Warning: TOSI (Tax on Split Income) rules apply. Only family members who are actively involved in the business or meet other exemptions are immune from TOSI on corporate dividends.
Tax Deferral: The Core Benefit
The concept: The corporation earns professional income. It pays low corporate tax (SBD rate). You extract income as needed. The remainder defers taxation until you are in a lower tax bracket (retirement).
Ontario Doctor Example: $500,000 Net Billings
| Scenario | Annual Tax to CRA | After-Tax Cash Available |
|---|---|---|
| Sole proprietor (personal) | ~$245,000 | ~$255,000 |
| Professional corporation (extract $150,000 salary) | Corp: ~$43,000; Personal: ~$41,000 = ~$84,000 | ~$416,000 (retained in corp) |
| Annual tax difference | ~$161,000 deferred | Retained inside corp for investment |
Over 20 years, that $161,000 annual deferral compounding inside a corporation is substantial — even after considering the eventual tax on extraction.
What the Corporation Can and Cannot Do
Can Do
- Bill for professional services rendered by the professional
- Employ staff, lease office space, purchase equipment
- Retain after-tax profits and invest them
- Pay salary, bonuses, and dividends to eligible shareholders
- Claim all normal business expenses
Cannot Do
- Carry on a different business (in most provinces, the PC must practice only the regulated profession)

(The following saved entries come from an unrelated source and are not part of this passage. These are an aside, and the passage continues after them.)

lemma unique_primal_optimum_homogeneous:
  fixes A :: "real^'n^'m"
  assumes opt: "primal_optimal A b c xs" and uniq: "\<forall>x'. primal_optimal A b c x' \<longrightarrow> x' = xs"
    and "xs $ i = 0" and "0 \<le> t" and Ax: "\<forall>j. (A *v x) $ j \<le> t * b $ j"
    and x0: "\<forall>k. 0 \<le> x $ k" and cx: "t * (c \<bullet> xs) \<le> c \<bullet> x"
  shows "x $ i \<le> 0"
proof (cases "t = 0")
  case True
  have xs: "(A *v xs) $ j \<le> b $ j" "0 \<le> xs $ k" for j k
    using opt by (auto simp: primal_optimal_def primal_feasible_def)
  have "primal_feasible A b (xs + x)"
    unfolding primal_feasible_def
  proof (intro conjI allI)
    fix j k
    show "(A *v (xs + x)) $ j \<le> b $ j"
      using xs(1)[of j] Ax[rule_format, of j] True by (simp add: matrix_vector_right_distrib)
    show "0 \<le> (xs + x) $ k"
      using xs(2)[of k] x0[rule_format, of k] by simp
  qed
  moreover have "c \<bullet> xs \<le> c \<bullet> (xs + x)"
    using cx True by (simp add: inner_add_right)
  ultimately have "xs + x = xs"
    using uniq primal_optimal_if_ge[OF opt] by blast
  then show ?thesis
    by simp
next
  case False
  with \<open>0 \<le> t\<close> have "0 < t" by simp
  have "primal_feasible A b ((1 / t) *\<^sub>R x)"
    using Ax x0 \<open>0 < t\<close>
    by (simp add: primal_feasible_def matrix_vector_mult_scaleR divide_le_eq mult.commute)
  moreover have "c \<bullet> xs \<le> c \<bullet> ((1 / t) *\<^sub>R x)"
    using cx \<open>0 < t\<close> by (simp add: le_divide_eq mult.commute)
  ultimately have "(1 / t) *\<^sub>R x = xs"
    using uniq primal_optimal_if_ge[OF opt] by blast
  then have "x $ i / t = 0"
    using arg_cong[of _ _ "\<lambda>v. v $ i"] \<open>xs $ i = 0\<close> by fastforce
  with \<open>0 < t\<close> show ?thesis
    by simp
qed

lemma unique_dual_optimum_certificate:
  fixes A :: "real^'n^'m"
  assumes opt: "dual_optimal A b c ys" and uniq: "\<forall>y'. dual_optimal A b c y' \<longrightarrow> y' = ys"
    and xs: "primal_feasible A b xs"
    and y0: "\<forall>j. 0 \<le> y $ j" and "0 \<le> \<theta>"
    and yA: "\<forall>k. \<theta> * c $ k + axis i 1 $ k \<le> (y v* A) $ k" and yb: "y \<bullet> b \<le> \<theta> * (c \<bullet> xs)"
  shows "c $ i < (ys v* A) $ i" and "ys \<bullet> b = c \<bullet> xs"
proof -
  have ys: "dual_feasible A c ys"
    using opt by (simp add: dual_optimal_def)
  have yA_ge: "\<theta> * c $ k \<le> (y v* A) $ k" for k
    using yA[rule_format, of k] by (simp add: axis_def split: if_splits)
  have yA_i: "\<theta> * c $ i + 1 \<le> (y v* A) $ i"
    using yA[rule_format, of i] by simp
  have "\<theta> \<noteq> 0"
  proof
    assume "\<theta> = 0"
    have "dual_feasible A c (ys + y)"
      unfolding dual_feasible_def
    proof (intro conjI allI)
      fix j k
      show "c $ k \<le> ((ys + y) v* A) $ k"
        using ys yA_ge[of k] \<open>\<theta> = 0\<close>
        by (simp add: dual_feasible_def vector_matrix_left_distrib add_increasing2)
      show "0 \<le> (ys + y) $ j"
        using ys y0 by (simp add: dual_feasible_def)
    qed
    moreover have "(ys + y) \<bullet> b \<le> ys \<bullet> b"
      using yb \<open>\<theta> = 0\<close> by (simp add: inner_add_left)
    ultimately have "ys + y = ys"
      using uniq dual_optimal_if_le[OF opt] by blast
    with yA_i \<open>\<theta> = 0\<close> show False
      by simp
  qed
  with \<open>0 \<le> \<theta>\<close> have "0 < \<theta>" by simp
  have yA': "((1 / \<theta>) *\<^sub>R y v* A) $ k = (y v* A) $ k / \<theta>" for k
    by (simp add: scaleR_vector_matrix_assoc)
  have "dual_feasible A c ((1 / \<theta>) *\<^sub>R y)"
    using y0 yA_ge \<open>0 < \<theta>\<close> by (simp add: dual_feasible_def yA' le_divide_eq mult.commute)
  moreover have yb': "(1 / \<theta>) *\<^sub>R y \<bullet> b \<le> c \<bullet> xs"
    using yb \<open>0 < \<theta>\<close> by (simp add: divide_le_eq mult.commute)
  ultimately have "dual_optimal A b c ((1 / \<theta>) *\<^sub>R y)"
    by (rule dual_optimal_if_le_primal[OF _ xs])
  then have ys_eq: "ys = (1 / \<theta>) *\<^sub>R y"
    using uniq by blast
  show "c $ i < (ys v* A) $ i"
    using yA_i \<open>0 < \<theta>\<close> by (simp add: ys_eq yA' less_divide_eq mult.commute)
  show "ys \<bullet> b = c \<bullet> xs"
    using yb' weak_duality[OF xs ys] by (simp add: ys_eq)
qed

lemma unique_optima_strictly_complementary:
  fixes A :: "real^'n^'m"
  assumes "primal_optimal A b c xs" "\<forall>x'. primal_optimal A b c x' \<longrightarrow> x' = xs"
    and "dual_optimal A b c ys" "\<forall>y'. dual_optimal A b c y' \<longrightarrow> y' = ys"
    and "i \<in> Ubar xs"
  shows "c $ i < (ys v* A) $ i" and "ys \<bullet> b = c \<bullet> xs"
proof -
  have xs: "primal_feasible A b xs"
    using assms(1) by (simp add: primal_optimal_def)
  have "axis i 1 \<bullet> x \<le> 0"
    if "0 \<le> t" "\<forall>j. (A *v x) $ j \<le> t * b $ j" "\<forall>k. 0 \<le> x $ k" "t * (c \<bullet> xs) \<le> c \<bullet> x" for x t
    using unique_primal_optimum_homogeneous[OF assms(1,2) Ubar_imp_eq_0[OF xs assms(5)] that]
    by (simp add: inner_axis')
  then obtain y \<theta> where "\<forall>j. 0 \<le> y $ j" "0 \<le> \<theta>" "\<forall>k. \<theta> * c $ k + axis i 1 $ k \<le> (y v* A) $ k"
      "y \<bullet> b \<le> \<theta> * (c \<bullet> xs)"
    by (rule homogeneous_lp_farkas)
  from unique_dual_optimum_certificate[OF assms(3,4) xs this]
  show "c $ i < (ys v* A) $ i" and "ys \<bullet> b = c \<bullet> xs" .
qed

lemma beta_D_le:
  fixes A :: "real^'n^'m"
  assumes "i \<in> Ubar xs"
  shows "beta_D A c xs ys \<le> (ys v* A) $ i - c $ i"
  using assms unfolding beta_D_def by (intro Min_le) auto

lemma beta_D_pos:
  fixes A :: "real^'n^'m"
  assumes "Ubar xs \<noteq> {}" "\<forall>i\<in>Ubar xs. c $ i < (ys v* A) $ i"
  shows "0 < beta_D A c xs ys"
  using assms unfolding beta_D_def by (subst Min_gr_iff) auto

lemma restr_norm_le_sum:
  assumes "\<And>k. k \<in> S \<Longrightarrow> 0 \<le> x $ k"
  shows "restr_norm x S \<le> (\<Sum>k\<in>S. x $ k)"
  using L2_set_le_sum[OF assms] by (simp add: restr_norm_def L2_set_def)

theorem mainTheorem14:
  fixes A :: "real^'n^'m" and b :: "real^'m" and c :: "real^'n"
    and xs :: "real^'n" and ys :: "real^'m" and x :: "real^'n"
  assumes "primal_optimal A b c xs"
    and "\<forall>x'. primal_optimal A b c x' \<longrightarrow> x' = xs"
    and "dual_optimal A b c ys"
    and "\<forall>y'. dual_optimal A b c y' \<longrightarrow> y' = ys"
    and "primal_feasible A b x"
    and "Ubar xs \<noteq> {}"
  shows "restr_norm x (Ubar xs) \<le> (c \<bullet> (xs - x)) / beta_D A c xs ys"
proof -
  let ?U = "Ubar xs" and ?\<beta> = "beta_D A c xs ys"
  note complementary = unique_optima_strictly_complementary[OF assms(1-4)]
  obtain i where "i \<in> ?U"
    using assms(6) by blast
  have x0: "\<forall>k. 0 \<le> x $ k" and ys: "dual_feasible A c ys"
    using assms(3,5) by (auto simp: primal_feasible_def dual_optimal_def)
  have "0 < ?\<beta>"
    using beta_D_pos[OF assms(6)] complementary(1) by blast
  have "?\<beta> * restr_norm x ?U \<le> (\<Sum>k\<in>?U. ?\<beta> * x $ k)"
    using restr_norm_le_sum[of ?U x] x0 \<open>0 < ?\<beta>\<close> by (simp add: sum_distrib_left[symmetric])
  also have "\<dots> \<le> (\<Sum>k\<in>?U. ((ys v* A) $ k - c $ k) * x $ k)"
    using beta_D_le x0 by (intro sum_mono mult_right_mono) auto
  also have "\<dots> \<le> (\<Sum>k\<in>UNIV. ((ys v* A) $ k - c $ k) * x $ k)"
    using ys x0 by (intro sum_mono2) (auto simp: dual_feasible_def)
  also have "\<dots> \<le> ys \<bullet> b - c \<bullet> x"
    using reduced_cost_inner_le_duality_gap[OF assms(5) ys] by (simp add: inner_vec_def)
  also have "\<dots> = c \<bullet> (xs - x)"
    using complementary(2)[OF \<open>i \<in> ?U\<close>] by (simp add: inner_diff_right)
  finally show ?thesis
    using \<open>0 < ?\<beta>\<close> by (simp add: pos_le_divide_eq mult.commute)
qed

end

- Engage in activities unrelated to the profession without risk of losing PC status
- Name the corporation deceptively — must include “[Name] [Profession] Professional Corporation” in many provinces
The Personal Service Business Trap
A personal service business (PSB) arises when the relationship between the professional and the entity paying them would be employment if the corporation didn’t exist. Key indicators:
| PSB Risk Factor | Description |
|---|---|
| Single payor | If 90%+ of billings come from one hospital, clinic, or institution |
| No independent client base | The professional has no separate practice |
| Client controls how/when work is done | Points toward employment, not independent business |
| No risk of profit/loss | Employer-like arrangement |
PSB consequences:
- SBD is denied (corporate tax at 26.5% instead of 12.2% in Ontario)
- Most business expense deductions disallowed (only salary, EI, CPP, and benefits to the incorporated employee)
- Potential reassessment of prior years
Most physicians billing through the provincial health plan are not PSBs because they bill the health plan — not a single employer — and control their practice. Professionals working as contractors through a staffing agency or exclusively for a single private employer face higher risk.
Compliance Costs
A professional corporation requires ongoing maintenance:
| Cost Item | Typical Annual Amount |
|---|---|
| Corporate tax return (T2) | $1,500–$3,500 |
| Bookkeeping | $2,000–$5,000/year |
| Payroll administration | $500–$1,500 |
| Provincial annual filing | $100–$300 |
| Registration with professional regulator | $200–$500 |
| Total | ~$4,500–$10,000/year |
At net professional income of $150,000+, the tax savings far exceed these costs. Below $100,000, incorporation may not be worthwhile.